What Hosting Types do

Hosting Types help you group infrastructure and platform environments into reporting-friendly categories.

In Settings, this is where administrators define a named hosting classification, connect it to one or more hosting platforms, and align it to the asset types that should roll into that classification.

This matters because Yarken does not only need to know the raw source platform name.
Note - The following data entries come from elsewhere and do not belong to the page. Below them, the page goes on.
definition "block_points E = (\<lambda>(e, u). e * R + j + u) ` (E \<times> {..\<delta> - 2})"
definition "exponents = {..<D} \<union> block_points {l<..<\<nu>}"

abbreviation "code \<equiv> vanishing_code n (\<beta> ` exponents)"

lemma n_pos: "0 < n" and alpha_pow_n: "\<alpha> ^ n = 1" and alpha_nonzero: "\<alpha> \<noteq> 0"
  using primitive unfolding primitive_root_of_unity_def by (auto simp: power_0_left)

lemma nu_times_R: "\<nu> * R = n"
  using R_dvd_n unfolding R_def \<nu>_def by simp

lemma l_plus_2_le_nu: "l + 2 \<le> \<nu>"
  using l_bound unfolding \<nu>_def R_def .

lemma j_plus_\<delta>_le_R: "j + \<delta> - 1 \<le> R" and i_plus_\<delta>_le_R: "i + \<delta> \<le> R"
  using i_less_r j_le_i \<delta>_ge_2 unfolding R_def by auto

lemma R_pos: "0 < R"
  using r_pos \<delta>_ge_2 unfolding R_def by simp

lemma D_plus_1: "D + 1 = l * R + (i + \<delta>)"
  using \<delta>_ge_2 unfolding D_def by simp

lemma beta_nonzero: "\<beta> M \<noteq> 0"
  using alpha_nonzero by (simp add: \<beta>_def)

lemma beta_root: "\<beta> M ^ n = 1"
proof -
  have "\<beta> M ^ n = (\<alpha> ^ n) ^ (t + M * b)"
    by (simp only: \<beta>_def power_mult[symmetric] mult.commute)
  then show ?thesis by (simp add: alpha_pow_n)
qed

lemma beta_add_power: "\<beta> (M + u) ^ k = \<beta> M ^ k * (\<alpha> ^ (k * b)) ^ u"
proof -
  have "(t + (M + u) * b) * k = (t + M * b) * k + k * b * u" by (simp add: algebra_simps)
  then show ?thesis by (simp only: \<beta>_def power_mult[symmetric] power_add[symmetric])
qed

lemma beta_add_block: "\<beta> (e * R + M) = \<beta> M * \<omega> ^ e"
proof -
  have "t + (e * R + M) * b = (t + M * b) + R * b * e" by (simp add: algebra_simps)
  then show ?thesis by (simp only: \<beta>_def \<omega>_def power_mult[symmetric] power_add[symmetric])
qed

lemma omega_pow_nu: "\<omega> ^ \<nu> = 1"
proof -
  have "R * b * \<nu> = n * b" using nu_times_R by (simp add: ac_simps)
  then have "\<omega> ^ \<nu> = (\<alpha> ^ n) ^ b" by (simp only: \<omega>_def flip: power_mult)
  then show ?thesis by (simp add: alpha_pow_n)
qed

lemma inj_on_beta: "inj_on \<beta> {..<n}"
  using inj_on_primitive_root_power_mult[OF primitive coprime_b_n] alpha_nonzero
  by (auto simp: inj_on_def \<beta>_def power_add)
It also needs a consistent business-facing grouping that can be reused across reporting, asset analysis, and technology finance views.
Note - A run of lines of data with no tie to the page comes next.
text \<open>Apply the approximate linearisation at both endpoints of the dyadic cell of level \<open>N\<close>.\<close>
lemma discrepancy_close_of_bound:
  assumes nd: "\<not> dyadic x" and e: "0 \<le> e"
    and bound: "\<And>h. h \<noteq> 0 \<Longrightarrow> \<bar>h\<bar> < d \<Longrightarrow>
      \<bar>takagi_series (x+h) - takagi_series x - c*h*log_inv_abs h\<bar> \<le> e*\<bar>h\<bar>*log_inv_abs h"
    and N: "(1/2)^N < d"
  shows "\<bar>digit_discrepancy N x - c * real N\<bar> \<le> e * real N + 2 * (e + \<bar>c\<bar>) / ln 2"
proof -
  define a where "a = (1/2::real)^N"
  define f where "f = frac (2^N * x)"
  have f: "0 < f" "f < 1" unfolding f_def using frac_pow2_pos[OF nd] frac_lt_1 by auto
  define s where "s = (1 - f) * a"
  define t where "t = f * a"
  have st: "0 < s" "0 < t" "s + t = a" "s \<le> a" "t \<le> a"
    using f unfolding s_def t_def a_def by (auto simp: algebra_simps)
  have endpoints: "x + s = (of_int \<lfloor>2^N * x\<rfloor> + 1) / 2^N" "x + (- t) = of_int \<lfloor>2^N * x\<rfloor> / 2^N"
    unfolding s_def t_def a_def f_def frac_def by (simp_all add: field_simps power_one_over)
  define S where "S = s * log_inv_abs s + t * log_inv_abs t"
  have S: "real N * a \<le> S" "S \<le> real N * a + 2 * a / ln 2"
    using log_inv_abs_split_bounds[of s t N] st unfolding S_def a_def by auto
  have bs: "\<bar>takagi_series (x+s) - takagi_series x - c*s*log_inv_abs s\<bar> \<le> e*s*log_inv_abs s"
    and bt: "\<bar>takagi_series (x+(-t)) - takagi_series x + c*t*log_inv_abs t\<bar> \<le> e*t*log_inv_abs t"
    using bound[of s] bound[of "-t"] st N unfolding a_def by auto
  have "digit_discrepancy N x * a = takagi_series (x + s) - takagi_series (x + (- t))"
    unfolding endpoints takagi_series_diff_dyadic_endpoints a_def by (simp add: power_one_over)
  then have "digit_discrepancy N x * a - c * S
      = (takagi_series (x+s) - takagi_series x - c*s*log_inv_abs s)
        - (takagi_series (x+(-t)) - takagi_series x + c*t*log_inv_abs t)"
    unfolding S_def by (simp add: algebra_simps)
  then have "\<bar>digit_discrepancy N x * a - c * S\<bar> \<le> e*s*log_inv_abs s + e*t*log_inv_abs t"
    using bs bt by linarith
  then have m1: "\<bar>digit_discrepancy N x * a - c * S\<bar> \<le> e * S"
    unfolding S_def by (simp add: algebra_simps)
  have "\<bar>c * S - c * (real N * a)\<bar> = \<bar>c\<bar> * \<bar>S - real N * a\<bar>"
    by (simp add: abs_mult[symmetric] algebra_simps)
  also have "\<dots> \<le> \<bar>c\<bar> * (2 * a / ln 2)" using S by (intro mult_left_mono) auto
  finally have m2: "\<bar>c * S - c * (real N * a)\<bar> \<le> \<bar>c\<bar> * (2 * a / ln 2)" .
  have m3: "e * S \<le> e * (real N * a + 2 * a / ln 2)" using S e by (intro mult_left_mono) auto
  have "\<bar>digit_discrepancy N x * a - c * (real N * a)\<bar> = \<bar>a * (digit_discrepancy N x - c * real N)\<bar>"
    by (simp add: algebra_simps)
  then have "a * \<bar>digit_discrepancy N x - c * real N\<bar> = \<bar>digit_discrepancy N x * a - c * (real N * a)\<bar>"
    using st by (simp add: abs_mult)
  also have "\<dots> \<le> e * (real N * a + 2 * a / ln 2) + \<bar>c\<bar> * (2 * a / ln 2)"
    using m1 m2 m3 by linarith
  also have "\<dots> = a * (e * real N + 2 * (e + \<bar>c\<bar>) / ln 2)" by (simp add: field_simps)
  finally show ?thesis using st by simp
qed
How Hosting Types work in Settings

The current Settings screen shows Hosting Types as a managed list with three key columns:

Field

What it means

Hosting Type

The reporting category used in Yarken, such as Cloud, Mainframes, On-Prem, Servers, or Platform.

Hosting Platform

The specific platforms that should be treated as part of that hosting type.

Asset Type

The asset type or types that align to that hosting type.

This means a Hosting Type acts as a classification layer between low-level platform labels and the broader infrastructure view used in Yarken.

Why this setting matters

Hosting platforms often arrive in many different names and source-specific labels.

Hosting Types give administrators a way to normalise that detail into a smaller set of categories that are easier to analyse and explain.

For example, multiple cloud or infrastructure platform names can be grouped under one Hosting Type so dashboards and reporting stay consistent.

This makes it easier to:

  1. Review infrastructure spend by hosting model.

  2. Keep platform naming consistent across the environment.

  3. Align asset analysis to broader technology finance reporting.

  4. Support hosting-oriented views such as Cloud TCO, Mainframe TCO, On-Prem TCO, and Server TCO.

What admins can do here

From the Hosting Types setting, administrators can:

  1. Review the existing hosting classifications.

  2. Search the current list.

  3. Add a new Hosting Type.

  4. Edit an existing Hosting Type and its mappings.

  5. Delete a Hosting Type that is no longer needed.

Use + ADD NEW when a new hosting model, platform grouping, or reporting classification needs to be introduced.

How to think about the structure

A good Hosting Type should represent a category that makes sense to the people who review infrastructure cost and asset ownership.

The Hosting Platform field should capture the underlying platforms that belong to that category.

The Asset Type field should reflect the asset classes that should be analysed under that hosting view.

Keep the structure stable and meaningful. If different platform names really belong to the same reporting concept, group them under one Hosting Type instead of creating unnecessary categories.

Common examples

The current Settings guidance and screen example show common hosting classifications such as:

  1. Cloud

  2. Mainframes

  3. On-Prem

  4. Servers

  5. Platform

These are useful because they describe the infrastructure model in a way that business and technology stakeholders can both understand.